Hi everyone, I hope you’re all having a good end to the week. As usual, I’m passing on the chat transcript and a brief recap of our session this Tuesday.
I wanted to pause and say thank you to you all for the feedback about the program so far. @me.monicabrown and I are doing some thinking about how to integrate some of your suggestions into our current program structure. If you have more to share, please do let us know.
Resources
- Transforming Humanities Texts: Join the Team!
- Writing and Publishing in Digital Environments: Now Inviting Contributors Across Disciplines!
- Liquid Margins 21: Social Annotations Online and On-campus (featuring @misbell)
- CFP for OE Global (thanks for the heads-up @stacy.katz)
-
Making Classrooms Antiracist with OER and Open Pedagogy - I’ll add in addition to this resource that @woodcockd shared:
- Social justice, equity, diversity and inclusion (“S-JEDI”) group resources - readings/workshop model that you could use with your own faculty/educators
- Resources for fighting racism in publishing and pedagogy
- It’s (Not) in The Reading: American Government Textbooks’ Limited Representation of Historically Marginalized Groups (thanks Stacy)
- Brandon University (BU) Cares (thanks @mcdougallc )
- The Journal of Interactive Technology and Pedagogy
- Accessibility Assessments (fyi - @harriet.fayne, sorry I missed this question in the chat ):
- Writing statements and an example statement from Math for the Trades and the Rebus Guide
- Digital content accessibility checklist
Stacy - it looks like the examples of the book under going open peer review is no longer on the link you shared. Do you know if the review period is closed? Or have another example, perhaps?
Recap
Feedback and review is a chance for you to share your book with subject experts and ensure that the content is appropriate, accurate, and adequately covers the material. Collaborators will read through content and provide critical suggestions to improve the resource for its intended audience. The presence of review on your OER signals to a prospective adopter that the work has passed through rigorous quality control, and that its content is suitable for use in the classroom. In so doing, it acts as good advertising for the efficacy of your resource.

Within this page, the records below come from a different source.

lemma (in prob_space) indep_var_restrict_compose:
  assumes "indep_vars M' Z J" "A \<inter> B = {}" "A \<subseteq> J" "B \<subseteq> J"
    and "f \<in> PiM A M' \<rightarrow>\<^sub>M N" "g \<in> PiM B M' \<rightarrow>\<^sub>M K"
  shows "indep_var N (\<lambda>\<omega>. f (restrict (\<lambda>j. Z j \<omega>) A)) K (\<lambda>\<omega>. g (restrict (\<lambda>j. Z j \<omega>) B))"
  using indep_var_compose[OF indep_var_restrict[OF assms(1-4)] assms(5,6)] by (simp add: comp_def)

lemma (in prob_space) integral_centred_mult_eq_0_if_indep:
  fixes U V :: "'a \<Rightarrow> real"
  assumes "indep_var borel U borel V" "integrable M U" "integrable M V"
  shows "(\<integral>x. (U x - expectation U) * (V x - expectation V) \<partial>M) = 0"
proof -
  have "indep_var borel ((\<lambda>t. t - expectation U) \<circ> U) borel ((\<lambda>t. t - expectation V) \<circ> V)"
    by (rule indep_var_compose[OF assms(1)]) auto
  then have "indep_var borel (\<lambda>x. U x - expectation U) borel (\<lambda>x. V x - expectation V)"
    by (simp add: comp_def)
  then have "(\<integral>x. (U x - expectation U) * (V x - expectation V) \<partial>M)
      = (\<integral>x. U x - expectation U \<partial>M) * (\<integral>x. V x - expectation V \<partial>M)"
    using assms by (intro indep_var_lebesgue_integral) auto
  also have "\<dots> = 0"
    using assms by (simp add: prob_space)
  finally show ?thesis .
qed

lemma (in prob_space) variance_sum_indep:
  fixes U :: "'b \<Rightarrow> 'a \<Rightarrow> real"
  assumes "finite S" and square_integrable: "\<And>a. a \<in> S \<Longrightarrow> square_integrable M (U a)"
    and indep: "\<And>a b. a \<in> S \<Longrightarrow> b \<in> S \<Longrightarrow> a \<noteq> b \<Longrightarrow> indep_var borel (U a) borel (U b)"
  shows "variance (\<lambda>x. \<Sum>a\<in>S. U a x) = (\<Sum>a\<in>S. variance (U a))"
proof -
  define centred where "centred a x = U a x - expectation (U a)" for a x
  have integrable: "integrable M (U a)" if "a \<in> S" for a
    using square_integrable[OF that] by (rule integrable_if_square_integrable)
  have "variance (\<lambda>x. \<Sum>a\<in>S. U a x) = (\<integral>x. (\<Sum>a\<in>S. centred a x)\<^sup>2 \<partial>M)"
    using integrable by (simp add: centred_def sum_subtractf Bochner_Integration.integral_sum)
  also have "\<dots> = (\<integral>x. (\<Sum>a\<in>S. \<Sum>b\<in>S. centred a x * centred b x) \<partial>M)"
    by (simp add: power2_eq_square sum_product)
  also have "\<dots> = (\<Sum>a\<in>S. \<Sum>b\<in>S. (\<integral>x. centred a x * centred b x \<partial>M))"
    using square_integrable unfolding centred_def
    by (simp add: integrable_mult_square_integrable square_integrable_diff square_integrable_const
        Bochner_Integration.integral_sum)
  also have "\<dots> = (\<Sum>a\<in>S. \<Sum>b\<in>S. if a = b then variance (U a) else 0)"
    using integral_centred_mult_eq_0_if_indep[OF indep] integrable
    by (intro sum.cong refl) (auto simp: centred_def power2_eq_square)
  also have "\<dots> = (\<Sum>a\<in>S. variance (U a))"
    using \<open>finite S\<close> by simp
  finally show ?thesis .
qed

lemma (in prob_space) variance_diff_indep:
  fixes U V :: "'a \<Rightarrow> real"
  assumes "indep_var borel U borel V" "square_integrable M U" "square_integrable M V"
  shows "variance (\<lambda>x. U x - V x) = variance U + variance V"
proof -
  have integrable: "integrable M U" "integrable M V"
    using assms(2,3) by (auto intro: integrable_if_square_integrable)
  have centred: "square_integrable M (\<lambda>x. U x - expectation U)" "square_integrable M (\<lambda>x. V x - expectation V)"
    using assms(2,3) by (auto intro!: square_integrable_diff square_integrable_const)
  have "variance (\<lambda>x. U x - V x) = (\<integral>x. (U x - expectation U)\<^sup>2 + (V x - expectation V)\<^sup>2
      - 2 * ((U x - expectation U) * (V x - expectation V)) \<partial>M)"
    using integrable
    by (intro Bochner_Integration.integral_cong) (auto simp: power2_eq_square algebra_simps)
  also have "\<dots> = variance U + variance V
      - 2 * (\<integral>x. (U x - expectation U) * (V x - expectation V) \<partial>M)"
    using centred integrable_mult_square_integrable[OF centred] by (simp add: square_integrable_def)
  also have "\<dots> = variance U + variance V"
    using integral_centred_mult_eq_0_if_indep[OF assms(1) integrable] by simp
  finally show ?thesis .
qed

lemma (in prob_space) variance_cmult:
  fixes U :: "'a \<Rightarrow> real"
  shows "variance (\<lambda>x. c * U x) = c\<^sup>2 * variance U"
proof -
  have "variance (\<lambda>x. c * U x) = (\<integral>x. c\<^sup>2 * (U x - expectation U)\<^sup>2 \<partial>M)"
    by (intro Bochner_Integration.integral_cong) (auto simp: power2_eq_square algebra_simps)
  then show ?thesis by simp
qed

section \<open>Sample mean and sample variance\<close>

lemma sample_mean_eq_scaled_sum: "sample_mean Y R = (\<lambda>\<omega>. (1 / real R) * (\<Sum>k=1..R. Y k \<omega>))"
  by (simp add: fun_eq_iff sample_mean_def)

lemma sample_mean_cong:
  "(\<And>k. k \<in> {1..R} \<Longrightarrow> Y k \<omega> = Y' k \<omega>') \<Longrightarrow> sample_mean Y R \<omega> = sample_mean Y' R \<omega>'"
  by (simp add: sample_mean_def)

lemma sample_var_cong:
  "(\<And>k. k \<in> {1..R} \<Longrightarrow> Y k \<omega> = Y' k \<omega>') \<Longrightarrow> sample_var Y R \<omega> = sample_var Y' R \<omega>'"
  using sample_mean_cong[of R Y \<omega> Y' \<omega>'] by (simp add: sample_var_def)

lemma sample_var_shift:
  "sample_var Y R \<omega> = ((\<Sum>k=1..R. (Y k \<omega> - m)\<^sup>2) - real R * (sample_mean Y R \<omega> - m)\<^sup>2) / (real R - 1)"
proof -
  define mean where "mean = sample_mean Y R \<omega>"
  have sum_centred: "(\<Sum>k=1..R. (Y k \<omega> - m)) = real R * (mean - m)"
    by (cases "R = 0") (simp_all add: mean_def sample_mean_def sum_subtractf algebra_simps)
  have "(\<Sum>k=1..R. (Y k \<omega> - mean)\<^sup>2)
      = (\<Sum>k=1..R. (Y k \<omega> - m)\<^sup>2 - 2 * (mean - m) * (Y k \<omega> - m) + (mean - m)\<^sup>2)"
    by (intro sum.cong) (auto simp: power2_eq_square algebra_simps)
  also have "\<dots> = (\<Sum>k=1..R. (Y k \<omega> - m)\<^sup>2) - 2 * (mean - m) * (\<Sum>k=1..R. (Y k \<omega> - m))
      + real R * (mean - m)\<^sup>2"
    by (simp add: sum.distrib sum_subtractf flip: sum_distrib_left)
  also have "\<dots> = (\<Sum>k=1..R. (Y k \<omega> - m)\<^sup>2) - real R * (mean - m)\<^sup>2"
    unfolding sum_centred by (simp add: power2_eq_square algebra_simps)
  finally show ?thesis by (simp add: sample_var_def mean_def)
qed

lemma sample_var_nonneg: "0 \<le> sample_var Y R \<omega>"
  unfolding sample_var_def by (cases "R = 0") (simp_all add: divide_nonneg_nonneg sum_nonneg)

lemma sample_var_square_le:
  "(sample_var Y R \<omega>)\<^sup>2 \<le> real R / (real R - 1)\<^sup>2 * (\<Sum>k=1..R. (Y k \<omega> - m) ^ 4)"
proof (cases "R \<ge> 2")
  case True
  define S where "S = (\<Sum>k=1..R. (Y k \<omega> - m)\<^sup>2)"
  have "sample_var Y R \<omega> \<le> S / (real R - 1)"
    unfolding sample_var_shift[of Y R \<omega> m] S_def using True by (intro divide_right_mono) auto
  then have "(sample_var Y R \<omega>)\<^sup>2 \<le> (S / (real R - 1))\<^sup>2"
    by (rule power_mono[OF _ sample_var_nonneg])
  also have "\<dots> = S\<^sup>2 / (real R - 1)\<^sup>2"
    by (simp add: power_divide)
  also have "S\<^sup>2 \<le> real R * (\<Sum>k=1..R. (Y k \<omega> - m) ^ 4)"
    using Cauchy_Schwarz_ineq_sum[of "\<lambda>_. 1" "\<lambda>k. (Y k \<omega> - m)\<^sup>2" "{1..R}"]
    by (simp add: S_def flip: power_mult)
  then have "S\<^sup>2 / (real R - 1)\<^sup>2 \<le> real R * (\<Sum>k=1..R. (Y k \<omega> - m) ^ 4) / (real R - 1)\<^sup>2"
    by (intro divide_right_mono) auto
  finally show ?thesis by simp
next
  case False
  then have "R = 0 \<or> R = 1" by auto
  then show ?thesis by (auto simp: sample_var_def)
qed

We’ve identified different types of review processes that can be carried out on your book:
- Peer review (pre-publication): It is conducted by subject-matter experts and is a common marker that ensures quality of educational content. It can be a prerequisite for adoption or even submission to repositories. We group peer review into anonymous (most traditional, has prestige value to some groups), non-anonymous (lets you credit reviewers and set up a dialogue with authors, and open (most transparent & collaborative, letting others join in).
- Accessibility review: All creators should ideally find an accessibility practitioner to conduct a set of final checks on the books to see what accessibility standards are met, and to identify areas for improvement.

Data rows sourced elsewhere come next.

(* Let $q$ be a query user, let $\sigma>0$, and let $e$ be a set of users (an index node). Let $rpiv_1,\dots,rpiv_l$ be road-network pivot locations. For a user $u$ and pivot $rpiv_k$ let $a(u,k)=\frac{1}{|u.L|}\sum_{i=1}^{|u.L|} dist_{RN}(u.loc_i, rpiv_k)$, and let $lb_k(e)=\min_{u\in e}a(u,k)$, $ub_k(e)=\max_{u\in e}a(u,k)$. Define $lb\_dist_{RN}(S,e)=\max_{k=1}^{l} c_k$, where $c_k = lb_k(e)-a(q,k)$ if $a(q,k)<lb_k(e)$, $c_k=a(q,k)-ub_k(e)$ if $a(q,k)>ub_k(e)$, and $c_k=0$ otherwise. If $lb\_dist_{RN}(S,e)>\sigma$, then for every spatial-social $(k',d,\sigma,\theta)$-truss $S$ containing $q$ (for any parameters $k',d,\theta$ and query topic vector) no user of $e$ belongs to $S$.
   Context: Users of a social network $G_s$ each have a finite nonempty set of check-in locations $u.loc_1,\dots,u.loc_{|u.L|}$ on a road network (undirected weighted graph) with shortest-path distance $dist_{RN}$. The average spatial distance is $avg\_dist_{RN}(u,v)=\frac{1}{|u.L||v.L|}\sum_i\sum_j dist_{RN}(u.loc_i,v.loc_j)$. $dist_{SN}(u,v)$ is the hop distance in $G_s$; the support of an edge in a subgraph $H$ is the number of triangles of $H$ containing it. A connected subgraph $S$ is a $(k',d)$-truss if every edge of $S$ has support in $S$ at least $k'-2$ and $dist_{SN}(u,v)<d$ for all $u,v\in V(S)$. Each edge $e_{a,b}$ carries topic probabilities $tp^j_{a,b}$; for a query topic vector $\mathcal{T}_q$ the influence of a path $a_1\to\dots\to a_m$ is $\prod_{i}\sum_j tp^j_{a_i,a_{i+1}}\mathcal{T}_q^j$. A spatial-social $(k',d,\sigma,\theta)$-truss is a user set $S$ that is a $(k',d)$-truss, satisfies $avg\_dist_{RN}(u,v)<\sigma$ for all $u,v\in S$, and such that for all $u,v\in S$ some path from $u$ to $v$ within $S$ has influence at least $\theta$. *)

theory Defs
  imports Complex_Main "HOL-Library.Extended_Nat"
begin

definition rn_walk :: "('v \<times> 'v) set \<Rightarrow> 'v list \<Rightarrow> bool" where
  "rn_walk E xs \<longleftrightarrow> xs \<noteq> [] \<and> (\<forall>i. Suc i < length xs \<longrightarrow> (xs ! i, xs ! Suc i) \<in> E)"

definition walk_len :: "('v \<Rightarrow> 'v \<Rightarrow> real) \<Rightarrow> 'v list \<Rightarrow> real" where
  "walk_len w xs = (\<Sum>i<length xs - 1. w (xs ! i) (xs ! Suc i))"

definition road_network :: "'v set \<Rightarrow> ('v \<times> 'v) set \<Rightarrow> ('v \<Rightarrow> 'v \<Rightarrow> real) \<Rightarrow> bool" where
  "road_network V E w \<longleftrightarrow> finite V \<and> E \<subseteq> V \<times> V \<and> sym E
     \<and> (\<forall>a b. (a, b) \<in> E \<longrightarrow> w a b = w b a \<and> w a b \<ge> 0)
     \<and> (\<forall>a\<in>V. \<forall>b\<in>V. \<exists>xs. rn_walk E xs \<and> hd xs = a \<and> last xs = b)"

definition dist_RN :: "('v \<times> 'v) set \<Rightarrow> ('v \<Rightarrow> 'v \<Rightarrow> real) \<Rightarrow> 'v \<Rightarrow> 'v \<Rightarrow> real" where
  "dist_RN E w a b = Inf {walk_len w xs | xs. rn_walk E xs \<and> hd xs = a \<and> last xs = b}"

definition avg_dist_RN :: "('v \<times> 'v) set \<Rightarrow> ('v \<Rightarrow> 'v \<Rightarrow> real) \<Rightarrow> ('u \<Rightarrow> 'v list) \<Rightarrow> 'u \<Rightarrow> 'u \<Rightarrow> real" where
  "avg_dist_RN E w loc u v =
     sum_list (map (\<lambda>x. sum_list (map (\<lambda>y. dist_RN E w x y) (loc v))) (loc u))
     / (real (length (loc u)) * real (length (loc v)))"

definition social_network :: "'u set \<Rightarrow> ('u \<Rightarrow> 'u \<Rightarrow> bool) \<Rightarrow> bool" where
  "social_network U A \<longleftrightarrow> finite U \<and> (\<forall>u v. A u v \<longrightarrow> u \<in> U \<and> v \<in> U \<and> u \<noteq> v \<and> A v u)"

definition sn_walk :: "('u \<Rightarrow> 'u \<Rightarrow> bool) \<Rightarrow> 'u list \<Rightarrow> bool" where
  "sn_walk A xs \<longleftrightarrow> xs \<noteq> [] \<and> (\<forall>i. Suc i < length xs \<longrightarrow> A (xs ! i) (xs ! Suc i))"

text \<open>Hop distance in the whole social network (infinite if unreachable).\<close>
definition dist_SN :: "('u \<Rightarrow> 'u \<Rightarrow> bool) \<Rightarrow> 'u \<Rightarrow> 'u \<Rightarrow> enat" where
  "dist_SN A u v = Inf {enat (length xs - 1) | xs. sn_walk A xs \<and> hd xs = u \<and> last xs = v}"

definition connected_in :: "('u \<Rightarrow> 'u \<Rightarrow> bool) \<Rightarrow> 'u set \<Rightarrow> bool" where
  "connected_in A S \<longleftrightarrow> S \<noteq> {} \<and>
     (\<forall>u\<in>S. \<forall>v\<in>S. \<exists>xs. sn_walk A xs \<and> set xs \<subseteq> S \<and> hd xs = u \<and> last xs = v)"

definition support :: "('u \<Rightarrow> 'u \<Rightarrow> bool) \<Rightarrow> 'u set \<Rightarrow> 'u \<Rightarrow> 'u \<Rightarrow> nat" where
  "support A S u v = card {x \<in> S. A u x \<and> A v x}"

definition kd_truss :: "('u \<Rightarrow> 'u \<Rightarrow> bool) \<Rightarrow> 'u set \<Rightarrow> nat \<Rightarrow> nat \<Rightarrow> bool" where
  "kd_truss A S k' d \<longleftrightarrow> connected_in A S
     \<and> (\<forall>u\<in>S. \<forall>v\<in>S. A u v \<longrightarrow> int (support A S u v) \<ge> int k' - 2)
     \<and> (\<forall>u\<in>S. \<forall>v\<in>S. dist_SN A u v < enat d)"

definition path_influence :: "('u \<Rightarrow> 'u \<Rightarrow> nat \<Rightarrow> real) \<Rightarrow> nat \<Rightarrow> (nat \<Rightarrow> real) \<Rightarrow> 'u list \<Rightarrow> real" where
  "path_influence tp m Tq xs = (\<Prod>i<length xs - 1. (\<Sum>j<m. tp (xs ! i) (xs ! Suc i) j * Tq j))"

definition ss_truss ::
  "'u set \<Rightarrow> ('u \<Rightarrow> 'u \<Rightarrow> bool) \<Rightarrow> ('v \<times> 'v) set \<Rightarrow> ('v \<Rightarrow> 'v \<Rightarrow> real) \<Rightarrow> ('u \<Rightarrow> 'v list)
   \<Rightarrow> ('u \<Rightarrow> 'u \<Rightarrow> nat \<Rightarrow> real) \<Rightarrow> nat \<Rightarrow> (nat \<Rightarrow> real)
   \<Rightarrow> nat \<Rightarrow> nat \<Rightarrow> real \<Rightarrow> real \<Rightarrow> 'u set \<Rightarrow> bool" where
  "ss_truss U A E w loc tp m Tq k' d \<sigma> \<theta> S \<longleftrightarrow>
     S \<subseteq> U \<and> kd_truss A S k' d
     \<and> (\<forall>u\<in>S. \<forall>v\<in>S. avg_dist_RN E w loc u v < \<sigma>)
     \<and> (\<forall>u\<in>S. \<forall>v\<in>S. \<exists>xs. sn_walk A xs \<and> distinct xs \<and> set xs \<subseteq> S \<and> hd xs = u \<and> last xs = v
                         \<and> path_influence tp m Tq xs \<ge> \<theta>)"

definition piv_avg :: "('v \<times> 'v) set \<Rightarrow> ('v \<Rightarrow> 'v \<Rightarrow> real) \<Rightarrow> ('u \<Rightarrow> 'v list) \<Rightarrow> 'u \<Rightarrow> 'v \<Rightarrow> real" where
  "piv_avg E w loc u p = sum_list (map (\<lambda>x. dist_RN E w x p) (loc u)) / real (length (loc u))"

definition lb_dist_RN :: "('v \<times> 'v) set \<Rightarrow> ('v \<Rightarrow> 'v \<Rightarrow> real) \<Rightarrow> ('u \<Rightarrow> 'v list) \<Rightarrow> 'v list \<Rightarrow> 'u \<Rightarrow> 'u set \<Rightarrow> real" where
  "lb_dist_RN E w loc rpiv q e = Max ((\<lambda>k.
      let aq = piv_avg E w loc q (rpiv ! k);
          lb = Min ((\<lambda>u. piv_avg E w loc u (rpiv ! k)) ` e);
          ub = Max ((\<lambda>u. piv_avg E w loc u (rpiv ! k)) ` e)
      in if aq < lb then lb - aq else if aq > ub then aq - ub else 0) ` {..<length rpiv})"

end

theory Submission
  imports Defs
begin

- Classroom review: Think of this as a trial run of your resource in the classroom setting, and an opportunity to include student voices in the publishing process. Feedback can be gathered both from the instructor using the book to teach as well as the students using the book to learn. Try to identify some academic and non-academic measures as you gather comments from the classroom.
- Feedback via project discussion: All resources should contain a pathway for anyone to provide feedback about the book. These openings may even help recruit other collaborators to work on revisions and other post-publication tasks.
- Post-publication review: These can be collected in repositories, journals, from adopters, and are important to show that the book is being used and having an impact. They are also extremely helpful to promote further improvement of the book and more adoptions, especially if posted on a public site.
With each type of review, you should adequately prepare for the process prior to recruiting reviewers. Collaborate with your existing team to confirm what you would like to get out of each type of review. Once you have your reviewers confirmed, managing the process is fairly straightforward. The review process doesn’t end once reviewers hand in their feedback — we suggest you thank reviewers and keep them engaged and enthusiastic about the resource (take a look at the slides for more details). At heart, review is about bringing more hands on deck to invest in your resource and help it grow with their feedback and input.